Они и сами словно зверушки. Тихие и робкие, даже пугливые. Но стоит скрыться за поворотом… Они будут друг друга убивать, калечить и насиловать.

Совсем скоро они покалечат кого-нибудь еще. И тогда у меня появится новый гость. Может, хоть он окажется чуть более разговорчив.

Пинок по мочевому пузырю. Прости, Малыш. Ты тоже замечательный собеседник.

– Привет, ну как вы тут?

Поднимаю голову.

Не улыбаться. Не визжать от радости. Стать снежной королевой – холодной, отстраненной и безжалостной.

– Привет, Мерат. Не прошло и года, как ты решил ко мне заглянуть.

– Ты сама сказала, что не хочешь меня видеть.

– Ты – балбес. На день, на два, максимум на неделю, но никак не на три месяца!

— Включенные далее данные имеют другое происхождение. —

(* Let $L$ be a finite list, $g: L\to\{0,1\}$ a Boolean function and $\epsilon > 0$, and let $c_q$ be the number of queries to $g$ required to implement the oracle $\mathcal{O}_g|x\rangle|0\rangle = |x\rangle|g(x)\rangle$. Then, with probability of failure at most $\epsilon$, the algorithm $\textbf{QSearch}_{\text{Zalka}}$ requires at most $$W_{\textbf{QSearch}_{\text{Zalka}}}(|L|,\epsilon) := c_q\left(5\left\lceil \frac{\ln(1/\epsilon)}{2\ln(4/3)}\right\rceil + \pi\sqrt{|L|}\sqrt{\left\lceil \frac{\ln(1/\epsilon)}{2\ln(4/3)}\right\rceil}\right)$$ queries to $g$ to find a marked item of $L$ (an $x$ with $g(x)=1$), or otherwise to report that there is none.
   Context: Each use of $\mathcal{O}_g$ counts as $c_q$ queries to $g$. A Grover iteration is the unitary reflecting through the unmarked states (one query to $\mathcal{O}_g$) followed by a reflection through the uniform superposition over $L$; a Grover run with $j$ iterations prepares the uniform superposition, applies $j$ Grover iterations, measures, and checks the outcome with one further query. Exact Grover search for a known number $t>0$ of marked items is a procedure that, when $L$ has exactly $t$ marked items, returns a marked item with certainty using $\lfloor \frac{\pi}{4}\sqrt{|L|/t} - \frac12 \rceil + 1$ queries to $\mathcal{O}_g$ (where $\lfloor\cdot\rceil$ is the nearest integer). Algorithm $\textbf{QSearch}_{\text{Zalka}}$ with target failure probability $\epsilon$: let $t_0 = \lceil \frac{\ln\epsilon}{2\ln(3/4)}\rceil$. Step 1: for $t = 1, 2, \dots, t_0$, run exact Grover search assuming exactly $t$ marked items; if a marked item is found, return it and stop. Step 2: repeat $2t_0$ times: choose an integer $j$ uniformly at random from $[0, \lceil \frac{\pi}{4}\sqrt{|L|/t_0}\rceil]$ and perform a Grover run with $j$ iterations; if a marked item is found, return it and stop. If nothing is found, return "no marked item". *)

theory Defs
  imports "HOL-Probability.Probability"
begin
(* Let $F\colon S^2\to S^2$ be a Thurston map of degree $d$, and let $\theta_0\in\mathbb{R}$. Suppose there is a continuous surjection $\tilde\gamma\colon S^1\to S^2$ such that $F\circ\tilde\gamma=\tilde\gamma\circ\tilde\varphi$ on $S^1$, where $\tilde\varphi(z)=e^{2\pi i\theta_0}z^d$. Then there is a continuous surjection $\gamma\colon S^1\to S^2$ with $F(\gamma(z))=\gamma(z^d)$ for all $z\in S^1$.
   Context: $S^1=\{z\in\mathbb{C}:|z|=1\}$. A Thurston map is an orientation-preserving postcritically finite branched covering of $S^2$ whose postcritical set has at least $3$ points; in particular its degree satisfies $d\ge2$. *)

theory Defs
  imports "HOL-Complex_Analysis.Complex_Analysis"
begin

definition S1 :: "complex set" where "S1 = sphere 0 1"
definition S2 :: "(complex \<times> real) set" where "S2 = sphere 0 1"

text \<open>Inverse stereographic projections; they form an oriented (holomorphic) atlas,
  the transition map being z maps to 1/z.\<close>
definition invN :: "complex \<Rightarrow> complex \<times> real" where
  "invN z = (2 * z / complex_of_real (1 + (cmod z)^2), ((cmod z)^2 - 1) / (1 + (cmod z)^2))"
definition invS :: "complex \<Rightarrow> complex \<times> real" where
  "invS z = (2 * cnj z / complex_of_real (1 + (cmod z)^2), (1 - (cmod z)^2) / (1 + (cmod z)^2))"

definition orient_pres :: "(complex \<Rightarrow> complex) \<Rightarrow> complex set \<Rightarrow> bool" where
  "orient_pres h W \<longleftrightarrow> open W \<and> continuous_on W h \<and> inj_on h W \<and>
     (\<forall>z\<in>W. \<exists>e>0. cball z e \<subseteq> W \<and>
        (\<forall>r. 0 < r \<and> r < e \<longrightarrow> winding_number (h \<circ> circlepath z r) (h z) = 1))"

definition oriented_chart :: "(complex \<times> real) set \<Rightarrow> (complex \<times> real \<Rightarrow> complex) \<Rightarrow> bool" where
  "oriented_chart U \<phi> \<longleftrightarrow> openin (top_of_set S2) U \<and> continuous_on U \<phi> \<and> inj_on \<phi> U \<and>
     open (\<phi> ` U) \<and> continuous_on (\<phi> ` U) (inv_into U \<phi>) \<and>
     orient_pres (\<phi> \<circ> invN) {z. invN z \<in> U} \<and> orient_pres (\<phi> \<circ> invS) {z. invS z \<in> U}"

definition has_local_degree :: "(complex \<times> real \<Rightarrow> complex \<times> real) \<Rightarrow> complex \<times> real \<Rightarrow> nat \<Rightarrow> bool" where
  "has_local_degree F p k \<longleftrightarrow> k \<ge> 1 \<and> (\<exists>U V \<phi> \<psi>. p \<in> U \<and> F p \<in> V \<and>
     oriented_chart U \<phi> \<and> oriented_chart V \<psi> \<and> \<phi> p = 0 \<and> \<psi> (F p) = 0 \<and> F ` U = V \<and>
     (\<forall>x\<in>U. \<psi> (F x) = (\<phi> x) ^ k))"

definition local_degree :: "(complex \<times> real \<Rightarrow> complex \<times> real) \<Rightarrow> complex \<times> real \<Rightarrow> nat" where
  "local_degree F p = (THE k. has_local_degree F p k)"

definition branched_cover :: "(complex \<times> real \<Rightarrow> complex \<times> real) \<Rightarrow> bool" where
  "branched_cover F \<longleftrightarrow> F ` S2 = S2 \<and> (\<forall>p\<in>S2. \<exists>k. has_local_degree F p k)"

definition crit :: "(complex \<times> real \<Rightarrow> complex \<times> real) \<Rightarrow> (complex \<times> real) set" where
  "crit F = {p \<in> S2. local_degree F p \<ge> 2}"

definition post :: "(complex \<times> real \<Rightarrow> complex \<times> real) \<Rightarrow> (complex \<times> real) set" where
  "post F = (\<Union>n\<in>{1..}. (F ^^ n) ` crit F)"

definition thurston_map :: "(complex \<times> real \<Rightarrow> complex \<times> real) \<Rightarrow> nat \<Rightarrow> bool" where
  "thurston_map F d \<longleftrightarrow> branched_cover F \<and>
     (\<forall>q\<in>S2. finite {p \<in> S2. F p = q} \<and> (\<Sum>p\<in>{p \<in> S2. F p = q}. local_degree F p) = d) \<and>
     finite (post F) \<and> card (post F) \<ge> 3"

end

theory Submission
  imports Defs
begin

text \<open>Conjugating by a rotation \<open>z \<mapsto> b z\<close> turns \<open>z \<mapsto> c z\<^sup>d\<close> into \<open>z \<mapsto> z\<^sup>d\<close> as soon as
  \<open>c b\<^sup>d = b\<close>, i.e. \<open>b\<close> is a \<open>(d - 1)\<close>-st root of \<open>c\<inverse>\<close>; such a root exists on the circle
  whenever \<open>d \<noteq> 1\<close>, and a Thurston map has degree at least 2.\<close>

lemma thurston_map_degree_ge_2:
  assumes "thurston_map F d"
  shows "d \<ge> 2"
proof (rule ccontr)
  assume "\<not> d \<ge> 2"
  have cover: "branched_cover F"
    and fibres: "\<forall>q\<in>S2. finite {p \<in> S2. F p = q} \<and> (\<Sum>p\<in>{p \<in> S2. F p = q}. local_degree F p) = d"
    and "card (post F) \<ge> 3"
    using assms unfolding thurston_map_def by auto
  have "crit F = {}"
  proof (rule ccontr)
    assume "crit F \<noteq> {}"
    then obtain p where p: "p \<in> S2" "local_degree F p \<ge> 2" unfolding crit_def by auto
    have "F p \<in> S2" using cover p(1) unfolding branched_cover_def by auto
    then have "finite {x \<in> S2. F x = F p}"
      and "(\<Sum>x\<in>{x \<in> S2. F x = F p}. local_degree F x) = d"
      using fibres by auto
    then have "local_degree F p \<le> d"
      using p(1) member_le_sum[of p "{x \<in> S2. F x = F p}" "local_degree F"] by auto
    with p(2) \<open>\<not> d \<ge> 2\<close> show False by simp
  qed
  then have "post F = {}" unfolding post_def by simp
  with \<open>card (post F) \<ge> 3\<close> show False by simp
qed

lemma unit_circle_root_of_rotation:
  assumes "d \<noteq> 1"
  shows "\<exists>b. cmod b = 1 \<and> exp (\<i> * of_real t) * b ^ d = b"
proof (cases "d = 0")
  case True
  then show ?thesis by (intro exI[of _ "exp (\<i> * of_real t)"]) (simp add: norm_exp)
next
  case False
  with assms obtain m where d: "d = Suc m" and "m \<noteq> 0" by (cases d) auto
  define b where "b = exp (- (\<i> * of_real t) / of_nat m)"
  have "b ^ m = exp (- (\<i> * of_real t))"
    unfolding b_def exp_of_nat_mult[symmetric] using \<open>m \<noteq> 0\<close> by simp
  then have "exp (\<i> * of_real t) * b ^ d = b"
    by (simp add: d exp_minus field_simps)
  moreover have "cmod b = 1" unfolding b_def by (simp add: norm_exp)
  ultimately show ?thesis by blast
qed

lemma rotation_image_S1:
  assumes "cmod b = 1"
  shows "(\<lambda>z. b * z) ` S1 = S1"
proof
  show "(\<lambda>z. b * z) ` S1 \<subseteq> S1" using assms by (auto simp: S1_def norm_mult)
  show "S1 \<subseteq> (\<lambda>z. b * z) ` S1"
  proof
    fix w assume "w \<in> S1"
    then have "w / b \<in> S1" using assms by (simp add: S1_def norm_divide)
    moreover have "w = b * (w / b)" using assms by auto
    ultimately show "w \<in> (\<lambda>z. b * z) ` S1" by blast
  qed
qed

lemma semiconjugacy_rotate:
  fixes \<gamma> :: "complex \<Rightarrow> 'a::topological_space"
  assumes "cmod b = 1" and "c * b ^ d = b"
    and "continuous_on S1 \<gamma>"
    and "\<forall>z\<in>S1. F (\<gamma> z) = \<gamma> (c * z ^ d)"
  shows "continuous_on S1 (\<lambda>z. \<gamma> (b * z))"
    and "(\<lambda>z. \<gamma> (b * z)) ` S1 = \<gamma> ` S1"
    and "\<forall>z\<in>S1. F (\<gamma> (b * z)) = \<gamma> (b * z ^ d)"
proof -
  note rot = rotation_image_S1[OF assms(1)]
  show "continuous_on S1 (\<lambda>z. \<gamma> (b * z))"
    by (rule continuous_on_compose2[OF assms(3)]) (use rot in \<open>auto intro!: continuous_intros\<close>)
  show "(\<lambda>z. \<gamma> (b * z)) ` S1 = \<gamma> ` S1"
    using rot by (metis image_image)
  show "\<forall>z\<in>S1. F (\<gamma> (b * z)) = \<gamma> (b * z ^ d)"
  proof
    fix z assume "z \<in> S1"
    then have "F (\<gamma> (b * z)) = \<gamma> (c * (b * z) ^ d)" using rot assms(4) by blast
    also have "c * (b * z) ^ d = b * z ^ d"
      using assms(2) by (simp add: power_mult_distrib)
    finally show "F (\<gamma> (b * z)) = \<gamma> (b * z ^ d)" .
  qed
qed

theorem lemma4p1:
  fixes F :: "complex \<times> real \<Rightarrow> complex \<times> real" and d :: nat and \<theta>0 :: real
    and \<gamma>t :: "complex \<Rightarrow> complex \<times> real"
  assumes "thurston_map F d"
    and "continuous_on S1 \<gamma>t" and "\<gamma>t ` S1 = S2"
    and "\<forall>z\<in>S1. F (\<gamma>t z) = \<gamma>t (exp (2 * pi * \<i> * complex_of_real \<theta>0) * z ^ d)"
  shows "\<exists>\<gamma>. continuous_on S1 \<gamma> \<and> \<gamma> ` S1 = S2 \<and> (\<forall>z\<in>S1. F (\<gamma> z) = \<gamma> (z ^ d))"
proof -
  have "d \<noteq> 1" using thurston_map_degree_ge_2[OF assms(1)] by simp
  then obtain b where b: "cmod b = 1" "exp (\<i> * of_real (2 * pi * \<theta>0)) * b ^ d = b"
    using unit_circle_root_of_rotation by blast
  have "exp (2 * pi * \<i> * complex_of_real \<theta>0) = exp (\<i> * of_real (2 * pi * \<theta>0))"
    by (simp add: mult_ac)
  note semi = semiconjugacy_rotate[OF b assms(2) assms(4)[unfolded this]]
  show ?thesis
    by (intro exI[of _ "\<lambda>z. \<gamma>t (b * z)"]) (use semi assms(3) in auto)
qed

end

Он виновато разводит руками.

– Прости, сестренка. Я тоже скучал.

Вижу я, как ты скучал.

– Ладно. Прощаю. Предатель.

Хватаю за талию, что, как и моя собственная, успела впитать немало лишних килограммов и вжимаюсь щекой в широкую грудь. Кажется, слышу как хрустят его ребра. Неловко, будто с опаской он опускает ладони мне на плечи.

– Боже, что с вами не так? Я беременная, а не прокаженная.

– С нами?

– Да, со всеми. Мужчинами. Я вижу как вы на нас смотрите.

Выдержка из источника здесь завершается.